Brad Rock: Jazz need to focus on a different 'Jimmer'
Charles Rex Arbogast, AP
SALT LAKE CITY — It looks to be an eventful year for the LDS basketball star with the unforgettable name. He should be available next summer and people in Utah can’t help being intrigued.
What if the Jazz acquired him? Would he be the one to bring them back to relevance?
It all could happen if the Jazz land the man with the “J” in his name.
Jabari, not Jimmer.
Jazz fans should stop worrying about Jimmer Fredette and start thinking about Jabari Parker.
Instead of picking up a good outside shooter but poor defender, why not add the guy Sports Illustrated thinks is the greatest thing since cell phones? Rather than signing Fredette as a free agent to improve their perimeter shooting, why not concentrate on drafting Parker and seeing exactly how close he can get to LeBron James? After all, that’s the comparison the magazine made.
This much we know: Fredette isn’t in LBJ territory. Parker’s not either, but he does have NBA star potential. Fredette’s likelihood is to become a situational scorer on the right team. Parker is a potential All-Star.
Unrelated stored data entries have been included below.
definition nu_gen :: "(otree \<Rightarrow> 'a set) \<Rightarrow> (otree \<Rightarrow> otree \<Rightarrow> (nat \<Rightarrow> nat) \<Rightarrow> 'a \<Rightarrow> 'a)
    \<Rightarrow> otree \<times> 'a \<Rightarrow> (otree \<times> 'a) set \<times> (otree \<times> 'a) set \<Rightarrow> 'r::comm_ring_1" where
  "nu_gen obj mor p = (\<lambda>(c1, c2). (case p of (T, t) \<Rightarrow>
     \<Sum>e\<in>edgs T.
       (let a1 = cls obj mor (T1e T e, restr mor T (T1e T e) t);
            a2 = cls obj mor (T2e T e, restr mor T (T2e T e) t) in
        (if (c1, c2) = (a1, a2) then 1 else 0) - (if (c1, c2) = (a2, a1) then 1 else 0))))"

definition nu_cls :: "(otree \<Rightarrow> 'a set) \<Rightarrow> (otree \<Rightarrow> otree \<Rightarrow> (nat \<Rightarrow> nat) \<Rightarrow> 'a \<Rightarrow> 'a)
    \<Rightarrow> (otree \<times> 'a) set \<Rightarrow> (otree \<times> 'a) set \<times> (otree \<times> 'a) set \<Rightarrow> 'r::comm_ring_1" where
  "nu_cls obj mor c = nu_gen obj mor (SOME p. p \<in> c)"

definition nu0 :: "(otree \<Rightarrow> 'a set) \<Rightarrow> (otree \<Rightarrow> otree \<Rightarrow> (nat \<Rightarrow> nat) \<Rightarrow> 'a \<Rightarrow> 'a)
    \<Rightarrow> ((otree \<times> 'a) set \<Rightarrow> 'r::comm_ring_1)
    \<Rightarrow> (otree \<times> 'a) set \<times> (otree \<times> 'a) set \<Rightarrow> 'r" where
  "nu0 obj mor x = (\<lambda>k. \<Sum>c\<in>{c. x c \<noteq> 0}. x c * nu_cls obj mor c k)"

definition perm2 :: "('c \<times> 'c \<Rightarrow> 'r) \<Rightarrow> 'c \<times> 'c \<Rightarrow> 'r" where
  "perm2 y = (\<lambda>(a, b). y (b, a))"

definition id_tensor_nu0 :: "(otree \<Rightarrow> 'a set) \<Rightarrow> (otree \<Rightarrow> otree \<Rightarrow> (nat \<Rightarrow> nat) \<Rightarrow> 'a \<Rightarrow> 'a)
    \<Rightarrow> ((otree \<times> 'a) set \<times> (otree \<times> 'a) set \<Rightarrow> 'r::comm_ring_1)
    \<Rightarrow> (otree \<times> 'a) set \<times> (otree \<times> 'a) set \<times> (otree \<times> 'a) set \<Rightarrow> 'r" where
  "id_tensor_nu0 obj mor y = (\<lambda>(a, b, c). \<Sum>d\<in>{d. y (a, d) \<noteq> 0}. y (a, d) * nu_cls obj mor d (b, c))"

text \<open>tau(x (x) y (x) z) = z (x) x (x) y, i.e. (tau w)(q,r,p) = w(p,q,r).\<close>
definition tau3 :: "('c \<times> 'c \<times> 'c \<Rightarrow> 'r) \<Rightarrow> 'c \<times> 'c \<times> 'c \<Rightarrow> 'r" where
  "tau3 w = (\<lambda>(p, q, r). w (q, r, p))"

end

theory Submission
  imports Defs "HOL-Library.Disjoint_Sets"
begin

text \<open>Cutting an edge \<open>e\<close> of a tree leaves two trees, and cutting two distinct edges \<open>e\<close>, \<open>f\<close>
  leaves three: the part \<open>P\<close> beyond \<open>e\<close>, the part \<open>Q\<close> beyond \<open>f\<close> and the middle part \<open>M\<close>.
  Hence \<open>(id \<otimes> \<nu>\<^sub>0) \<nu>\<^sub>0 (T, t)\<close> is a sum over ordered pairs of distinct edges, where
  \<open>(e, f)\<close> contributes \<open>\<plusminus>P \<otimes> (Q \<otimes> M - M \<otimes> Q)\<close> and \<open>(f, e)\<close> contributes
  \<open>\<plusminus>Q \<otimes> (P \<otimes> M - M \<otimes> P)\<close> with the same sign; the cyclic symmetrisation of these two terms
  vanishes. Well-definedness on homeomorphism classes holds because an isomorphism of trees carries
  the two components of \<open>T - e\<close> onto those of the image, and antisymmetry is built into the formula.\<close>

section \<open>Undirected reachability and cut components\<close>

abbreviation ureach :: "('b \<times> 'b) set \<Rightarrow> ('b \<times> 'b) set" where
  "ureach E \<equiv> (E \<union> E\<inverse>)\<^sup>*"

lemma ureach_sym: "(a, b) \<in> ureach E \<Longrightarrow> (b, a) \<in> ureach E"
  using rtrancl_converseI[of a b "E \<union> E\<inverse>"] by (simp add: converse_Un Un_commute)

lemma ureach_mono: "E \<subseteq> F \<Longrightarrow> ureach E \<subseteq> ureach F"
  by (rule rtrancl_mono) auto

text \<open>Send every vertex \<open>v \<noteq> r\<close> to an edge joining it to a vertex strictly closer to \<open>r\<close>;
  this map is injective.\<close>
lemma card_le_Suc_card_edges_if_connected:
  assumes fin: "finite V" and EV: "E \<subseteq> V \<times> V" and r: "r \<in> V"
    and conn: "\<forall>v\<in>V. (r, v) \<in> ureach E"
  shows "card V \<le> card E + 1"
proof -
  define S where "S = E \<union> E\<inverse>"
  define dist where "dist v = (LEAST n. (r, v) \<in> S ^^ n)" for v
  have closer: "\<exists>u. (u, v) \<in> S \<and> dist u < dist v" if "v \<in> V" "v \<noteq> r" for v
  proof -
    from conn that obtain n where "(r, v) \<in> S ^^ n"
      unfolding S_def using rtrancl_power by blast
    then have d: "(r, v) \<in> S ^^ dist v" unfolding dist_def by (rule LeastI)
    with that obtain m where m: "dist v = Suc m" by (cases "dist v") auto
    with d obtain u where u: "(r, u) \<in> S ^^ m" and uv: "(u, v) \<in> S" by auto
    have "dist u \<le> m" unfolding dist_def using u by (rule Least_le)
    with uv m show ?thesis by auto
  qed
  define g where "g v = (SOME e. \<exists>u. e \<in> E \<and> (e = (u, v) \<or> e = (v, u)) \<and> dist u < dist v)" for v
  have g: "\<exists>u. g v \<in> E \<and> (g v = (u, v) \<or> g v = (v, u)) \<and> dist u < dist v"
    if "v \<in> V" "v \<noteq> r" for v
  proof -
    from closer[OF that] have "\<exists>e u. e \<in> E \<and> (e = (u, v) \<or> e = (v, u)) \<and> dist u < dist v"
      unfolding S_def by blast
    then show ?thesis unfolding g_def by (rule someI_ex)
  qed
  have "inj_on g (V - {r})"
  proof (rule inj_onI)
    fix v w assume v: "v \<in> V - {r}" and w: "w \<in> V - {r}" and eq: "g v = g w"
    from g[of v] v obtain u where u: "g v = (u, v) \<or> g v = (v, u)" "dist u < dist v" by auto
    from g[of w] w obtain u' where u': "g w = (u', w) \<or> g w = (w, u')" "dist u' < dist w" by auto
    from u u' eq show "v = w" by auto
  qed
  moreover have "g ` (V - {r}) \<subseteq> E" using g by blast
  moreover have "finite E" using fin EV finite_subset by blast
  ultimately have "card (V - {r}) \<le> card E" by (rule card_inj_on_le)
  then show ?thesis using r fin by simp
qed

definition is_graph :: "otree \<Rightarrow> bool" where
  "is_graph T \<longleftrightarrow> edgs T \<subseteq> verts T \<times> verts T"

lemma is_otree_is_graph: "is_otree T \<Longrightarrow> is_graph T"
  by (simp add: is_otree_def is_graph_def)

lemma edge_in_verts: "is_graph T \<Longrightarrow> f \<in> edgs T \<Longrightarrow> fst f \<in> verts T \<and> snd f \<in> verts T"
  by (auto simp: is_graph_def)

lemma ureach_step_in_verts:
  "is_graph T \<Longrightarrow> (a, b) \<in> (edgs T - F) \<union> (edgs T - F)\<inverse> \<Longrightarrow> a \<in> verts T \<and> b \<in> verts T"
  by (auto simp: is_graph_def)

lemma otree_eqI: "verts A = verts B \<Longrightarrow> edgs A = edgs B \<Longrightarrow> A = B"
  by (metis prod.collapse verts_def edgs_def)

definition cut_comp :: "otree \<Rightarrow> (nat \<times> nat) set \<Rightarrow> nat \<Rightarrow> otree" where
  "cut_comp T F w = (let V = {x \<in> verts T. (w, x) \<in> ureach (edgs T - F)} in (V, (edgs T - F) \<inter> V \<times> V))"

lemma verts_cut_comp: "verts (cut_comp T F w) = {x \<in> verts T. (w, x) \<in> ureach (edgs T - F)}"
  by (simp add: cut_comp_def verts_def Let_def)

lemma edgs_cut_comp: "edgs (cut_comp T F w) = (edgs T - F) \<inter> verts (cut_comp T F w) \<times> verts (cut_comp T F w)"
  by (simp add: cut_comp_def verts_def edgs_def Let_def)

lemma comp_tree_eq_cut_comp: "comp_tree T e w = cut_comp T {e} w"
  by (simp add: comp_tree_def cut_comp_def Let_def)

lemma cut_comp_subset: "verts (cut_comp T F w) \<subseteq> verts T" "edgs (cut_comp T F w) \<subseteq> edgs T"
  by (auto simp: verts_cut_comp edgs_cut_comp)

lemma is_graph_cut_comp: "is_graph (cut_comp T F w)"
  by (auto simp: is_graph_def edgs_cut_comp)

lemma cut_comp_self: "w \<in> verts T \<Longrightarrow> w \<in> verts (cut_comp T F w)"
  by (simp add: verts_cut_comp)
All the Jazz need to do is play poorly enough to get a very high draft pick.
That shouldn’t involve too much acting.
The reason Fredette’s name is again connected with the Jazz is that the Sacramento Kings declined last week to exercise the option year on his contract. Media outlets are saying that’s a green light for the Jazz to go after the former national player of the year from BYU.
While Fredette appears somewhat relieved that he won’t be in Sacramento next year, it still has to hurt. Going from Jimmermania to “expendable” can’t be good.
If the Jazz did add Jimmer, they’d get a genuinely nice person and a shooter who can pick off an ant at 50 yards. But he wouldn’t change the franchise. The Jazz say they are basing their future on defense, in which case Fredette is an uneasy fit.
Although the Jazz have long needed outside shooting, there are other shooters out there. They just got rid of one last summer when they traded deadeye guard Randy Foye. The Jazz tried a great shooter who didn’t defend when they signed Kyle Korver, but that didn’t get much traction, either.
Parker, a small forward with multiple skills, has the body, temperament, brains and athleticism to excel on any team that drafts him. Though he needs to improve defensively, reports say he has the tools to effectively do so. But the addition of Parker would be based on him entering the draft next summer, rather than staying in college or serving an LDS mission. He is the current BMOC at Duke — Big Mormon on Campus.
He chose Duke over BYU because it’s Duke. But stories also have speculated Parker didn’t want to carry all those expectations in Provo. Parker knows he can leave Duke after one year and not feel terribly guilty. Early departures are expected at top-10 programs. At BYU there’s always the prospect of facing the disappointment/backlash that followed Shawn Bradley when he left after one year.
Were Fredette to play for the Jazz, the scrutiny would be even higher than in Sacramento. He’d be analyzed to death.
As the Jazz rebuild with young players, the last thing their coach needs is fans chanting “Jim-mer! Jim-mer!” each game. If the Jazz drafted Parker there would be no need for chants. He would get his time, based on overall talent.
Although fans may fantasize of a Jazz lineup including Fredette at guard, more impressive would be a Jazz lineup that includes Parker, Derrick Favors, Enes Kanter, Gordon Hayward and Trey Burke.
It’s possible the Jazz could acquire both Js, though that’s a lot of Mormons for one NBA team — meaning a lot of expectations of playing time in Utah. Fredette might be happier going elsewhere to restart his career.
As 19th century LDS missionary Wilford Woodruff — who converted thousands — showed, sometimes one dedicated Mormon is quite enough.